WORK TASK: Your answer should hold all lines of the entries that include the word "rule".

Saved data entries
text \<open>Conjugation moves stabilisers along the action,
  \<open>L\<^sup>\<upsilon> = Stab(\<upsilon>\<^sup>-\<^sup>1 y\<^sub>0)\<close>, and flags in the same \<open>Aut(\<Y>)\<close>-orbit have the same
  stabiliser, because automorphisms commute with the action of \<open>C\<^sup>m\<close>. Hence
  \<open>\<Z>\<^sub>\<upsilon> = C\<^sup>n/\<zeta>(L \<inter> Stab(\<upsilon>\<^sup>-\<^sup>1 y\<^sub>0))\<close> depends only on the orbit of \<open>\<upsilon>\<^sup>-\<^sup>1 y\<^sub>0\<close>, so
  choosing one such orbit for each premaniplex \<open>\<Z>\<^sub>\<upsilon>\<close> is injective.\<close>

abbreviation valid :: "nat \<Rightarrow> nat list \<Rightarrow> bool" where
  "valid m w \<equiv> set w \<subseteq> {..<m}"

lemma cxrel_valid: "cxrel m u v \<Longrightarrow> valid m u \<and> valid m v"
  by (induction rule: cxrel.induct) auto

lemma cxrel_append_right: "cxrel m u v \<Longrightarrow> valid m w \<Longrightarrow> cxrel m (u @ w) (v @ w)"
proof (induction rule: cxrel.induct)
  case (cx_refl w') then show ?case by (simp add: cxrel.cx_refl)
next
  case (cx_del u v i) then show ?case using cxrel.cx_del[of u m "v @ w" i] by auto
next
  case (cx_comm u v i j) then show ?case using cxrel.cx_comm[of u m "v @ w" i j] by auto
next
  case cx_sym then show ?case by (blast intro: cxrel.cx_sym)
next
  case cx_trans then show ?case by (blast intro: cxrel.cx_trans)
qed

lemma cxrel_append_left: "cxrel m u v \<Longrightarrow> valid m w \<Longrightarrow> cxrel m (w @ u) (w @ v)"
proof (induction rule: cxrel.induct)
  case (cx_refl w') then show ?case by (simp add: cxrel.cx_refl)
next
  case (cx_del u v i) then show ?case using cxrel.cx_del[of "w @ u" m v i] by auto
next
  case (cx_comm u v i j) then show ?case using cxrel.cx_comm[of "w @ u" m v i j] by auto
next
  case cx_sym then show ?case by (blast intro: cxrel.cx_sym)
next
  case cx_trans then show ?case by (blast intro: cxrel.cx_trans)
qed

lemma cxrel_rev: "cxrel m u v \<Longrightarrow> cxrel m (rev u) (rev v)"
proof (induction rule: cxrel.induct)
  case (cx_refl w) then show ?case by (simp add: cxrel.cx_refl)
next
  case (cx_del u v i) then show ?case using cxrel.cx_del[of "rev v" m "rev u" i] by auto
next
  case (cx_comm u v i j) then show ?case
    using cxrel.cx_sym[OF cxrel.cx_comm[of "rev v" m "rev u" i j]] by auto
next
  case cx_sym then show ?case by (blast intro: cxrel.cx_sym)
next
  case cx_trans then show ?case by (blast intro: cxrel.cx_trans)
qed
lemma translation_T: "translation T = [:T, 1:]"
  by (simp add: translation_def to_poly_T pcompose_pCons)

lemma map_translation_to_poly: "map_poly translation (to_poly b) = map_poly (\<lambda>c. [:c:]) (to_poly b)"
proof (rule map_poly_cong)
  fix x assume "x \<in> set (coeffs (to_poly b))"
  then have "x \<in> range (coeff (to_poly b))" by (simp add: range_coeff)
  then have "x \<in> A"
    using to_poly(1)[of b] by (auto simp: polys_over_def)
  then show "translation x = [:x:]" by (rule translation_const)
qed

text \<open>Both sides are \<open>to_poly b\<close> evaluated at \<open>T + V + U\<close>.\<close>
lemma translation_composition:
  "map_poly translation (translation b) =
     poly (map_poly (\<lambda>c. [:[:c:]:]) (translation b)) [:[:0, 1:], 1:]"
proof -
  let ?C = "map_poly (\<lambda>c::'b. [:c:])"
  have C: "is_ring_hom (\<lambda>c::'b. [:c:])" by (rule is_ring_hom_const_poly)
  have "map_poly translation (translation b) =
      pcompose (map_poly translation (to_poly b)) (map_poly translation [:T, 1:])"
    by (subst translation_def) (rule map_poly_pcompose_hom[OF translation_hom])
  also have "map_poly translation [:T, 1:] = [:[:T, 1:], 1:]"
    using is_ring_homD[OF translation_hom] by (simp add: map_poly_pCons translation_T one_pCons)
  finally have lhs: "map_poly translation (translation b) = pcompose (?C (to_poly b)) [:[:T, 1:], 1:]"
    by (simp add: map_translation_to_poly)
  have "poly (map_poly (\<lambda>c. [:[:c:]:]) (translation b)) [:[:0, 1:], 1:] =
        pcompose (?C (translation b)) [:[:0, 1:], 1:]"
    by (simp add: pcompose_altdef map_poly_map_poly comp_def)
  also have "?C (translation b) = pcompose (?C (to_poly b)) (?C [:T, 1:])"
    by (subst translation_def) (rule map_poly_pcompose_hom[OF C])
  also have "?C [:T, 1:] = [:[:T:], 1:]"
    by (simp add: map_poly_pCons one_pCons)
  also have "pcompose (pcompose (?C (to_poly b)) [:[:T:], 1:]) [:[:0, 1:], 1:] =
             pcompose (?C (to_poly b)) (pcompose [:[:T:], 1:] [:[:0, 1:], 1:])"
    by (rule pcompose_assoc[symmetric])
  also have "pcompose [:[:T:], 1:] [:[:0, 1:], 1:] = [:[:T, 1:], 1:]"
    by (simp add: pcompose_pCons one_pCons)
  finally show ?thesis by (simp add: lhs)
qed
lemma gen_transl_eq_integral:
  "gen_transl m \<mu> i y f x = (2 * pi) powr (- real m / 2) *\<^sub>R
    (\<integral>u. rev_sandwich \<mu> m (\<lambda>k. exp ((x k * u k) *\<^sub>R i k))
      (ord_sandwich \<mu> m (\<lambda>k. exp ((- (y k * u k)) *\<^sub>R i k)) (geo_FT m \<mu> i f u)) \<partial>Rm m)"
  unfolding gen_transl_def geo_IFT_def rev_sandwich_def ord_sandwich_def ..

lemma transl_reflect_fgam:
  "transl m (reflect m \<phi> y) (fgam m \<gamma> f) x = f (reflect m \<gamma> (\<lambda>k. x k - (-1) ^ \<phi> k * y k))"
  unfolding transl_def fgam_def reflect_def by (intro arg_cong[where f = f] restrict_ext) simp

lemma transl_reflect_fgam_eq_integral:
  assumes mu: "\<mu> \<le> m" and inversion: "\<forall>z\<in>space (Rm m). f z = geo_IFT m \<mu> i (geo_FT m \<mu> i f) z"
  shows "transl m (reflect m \<phi> y) (fgam m \<gamma> f) x = (2 * pi) powr (- real m / 2) *\<^sub>R
    (\<integral>u. rev_sandwich \<mu> m (\<lambda>k. exp (((-1) ^ \<gamma> k * (x k - (-1) ^ \<phi> k * y k) * u k) *\<^sub>R i k))
      (geo_FT m \<mu> i f u) \<partial>Rm m)"
proof -
  let ?z = "reflect m \<gamma> (\<lambda>k. x k - (-1) ^ \<phi> k * y k)"
  have "?z \<in> space (Rm m)"
    by (simp add: Rm_def space_PiM reflect_def)
  then have "transl m (reflect m \<phi> y) (fgam m \<gamma> f) x = geo_IFT m \<mu> i (geo_FT m \<mu> i f) ?z"
    using inversion by (simp add: transl_reflect_fgam)
  also have "\<dots> = (2 * pi) powr (- real m / 2) *\<^sub>R
      (\<integral>u. rev_sandwich \<mu> m (\<lambda>k. exp ((?z k * u k) *\<^sub>R i k)) (geo_FT m \<mu> i f u) \<partial>Rm m)"
    unfolding geo_IFT_def rev_sandwich_def ..
  also have "(\<lambda>u. rev_sandwich \<mu> m (\<lambda>k. exp ((?z k * u k) *\<^sub>R i k)) (geo_FT m \<mu> i f u)) =
      (\<lambda>u. rev_sandwich \<mu> m (\<lambda>k. exp (((-1) ^ \<gamma> k * (x k - (-1) ^ \<phi> k * y k) * u k) *\<^sub>R i k))
        (geo_FT m \<mu> i f u))"
    by (intro ext rev_sandwich_cong[OF mu]) (simp add: reflect_def)
  finally show ?thesis .
qed

theorem theorem9:
  fixes m \<mu> :: nat
    and e i :: "nat \<Rightarrow> 'a::{real_normed_algebra_1,banach,second_countable_topology}"
    and f :: "(nat \<Rightarrow> real) \<Rightarrow> 'a"
    and x y :: "nat \<Rightarrow> real"
  assumes "is_Clifford_0m m e"
    and "\<forall>k\<in>{1..m}. i k * i k = -1"
    and "\<mu> \<le> m"
    and "integrable (Rm m) f"
    and "integrable (Rm m) (geo_FT m \<mu> i f)"
    and "\<forall>z\<in>space (Rm m). f z = geo_IFT m \<mu> i (geo_FT m \<mu> i f) z"
  shows "gen_transl m \<mu> i y f x =
    (1 / 4 ^ m) *\<^sub>R
    (\<Sum>j\<in>jset m. \<Sum>\<phi>\<in>bits m. \<Sum>\<gamma>\<in>bits m. coef m j \<phi> \<gamma> *\<^sub>R
       (revprod \<mu> 1 (\<lambda>k. i k ^ j (1,k))
        * ordprod 1 \<mu> (\<lambda>k. (- i k) ^ j (2,k))
        * ordprod 1 \<mu> (\<lambda>k. (- i k) ^ j (3,k))
        * transl m (reflect m \<phi> y) (fgam m \<gamma> f) x
        * ordprod (Suc \<mu>) m (\<lambda>k. (- i k) ^ j (3,k))
        * ordprod (Suc \<mu>) m (\<lambda>k. (- i k) ^ j (2,k))
        * revprod m (Suc \<mu>) (\<lambda>k. i k ^ j (1,k))))"
proof -
  note i = assms(2) and mu = assms(3)
  define c where "c = (2 * pi) powr (- real m / 2)"
  define K where "K \<phi> \<gamma> u = rev_sandwich \<mu> m
    (\<lambda>k. exp (((-1) ^ \<gamma> k * (x k - (-1) ^ \<phi> k * y k) * u k) *\<^sub>R i k)) (geo_FT m \<mu> i f u)" for \<phi> \<gamma> u
  have K: "integrable (Rm m) (K \<phi> \<gamma>)" for \<phi> \<gamma>
    unfolding K_def by (rule integrable_rev_sandwich_exp[OF mu i assms(5)])
  have "gen_transl m \<mu> i y f x = c *\<^sub>R (\<integral>u. (1 / 4 ^ m) *\<^sub>R (\<Sum>j\<in>jset m. \<Sum>\<phi>\<in>bits m. \<Sum>\<gamma>\<in>bits m.
      coef m j \<phi> \<gamma> *\<^sub>R prefactor_sandwich \<mu> m i j (K \<phi> \<gamma> u)) \<partial>Rm m)"
    unfolding gen_transl_eq_integral rev_ord_sandwich_exp_eq_sum_jset[OF mu i] K_def c_def ..
  also have "\<dots> = (1 / 4 ^ m) *\<^sub>R (\<Sum>j\<in>jset m. \<Sum>\<phi>\<in>bits m. \<Sum>\<gamma>\<in>bits m.
      coef m j \<phi> \<gamma> *\<^sub>R prefactor_sandwich \<mu> m i j (c *\<^sub>R (\<integral>u. K \<phi> \<gamma> u \<partial>Rm m)))"
    using K by (simp add: integral_prefactor_sandwich prefactor_sandwich_scaleR_right scaleR_sum_right
        integrable_prefactor_sandwich mult.commute)
  finally show ?thesis
    by (simp only: K_def c_def transl_reflect_fgam_eq_integral[OF mu assms(6), symmetric]
        prefactor_sandwich_eq)
qed

end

RESULT OF THIS EXERCISE:
  by (induction rule: cxrel.induct) auto
proof (induction rule: cxrel.induct)
proof (induction rule: cxrel.induct)
proof (induction rule: cxrel.induct)
proof (rule map_poly_cong)
  then show "translation x = [:x:]" by (rule translation_const)
  have C: "is_ring_hom (\<lambda>c::'b. [:c:])" by (rule is_ring_hom_const_poly)
    by (subst translation_def) (rule map_poly_pcompose_hom[OF translation_hom])
    by (subst translation_def) (rule map_poly_pcompose_hom[OF C])
    by (rule pcompose_assoc[symmetric])
    unfolding K_def by (rule integrable_rev_sandwich_exp[OF mu i assms(5)])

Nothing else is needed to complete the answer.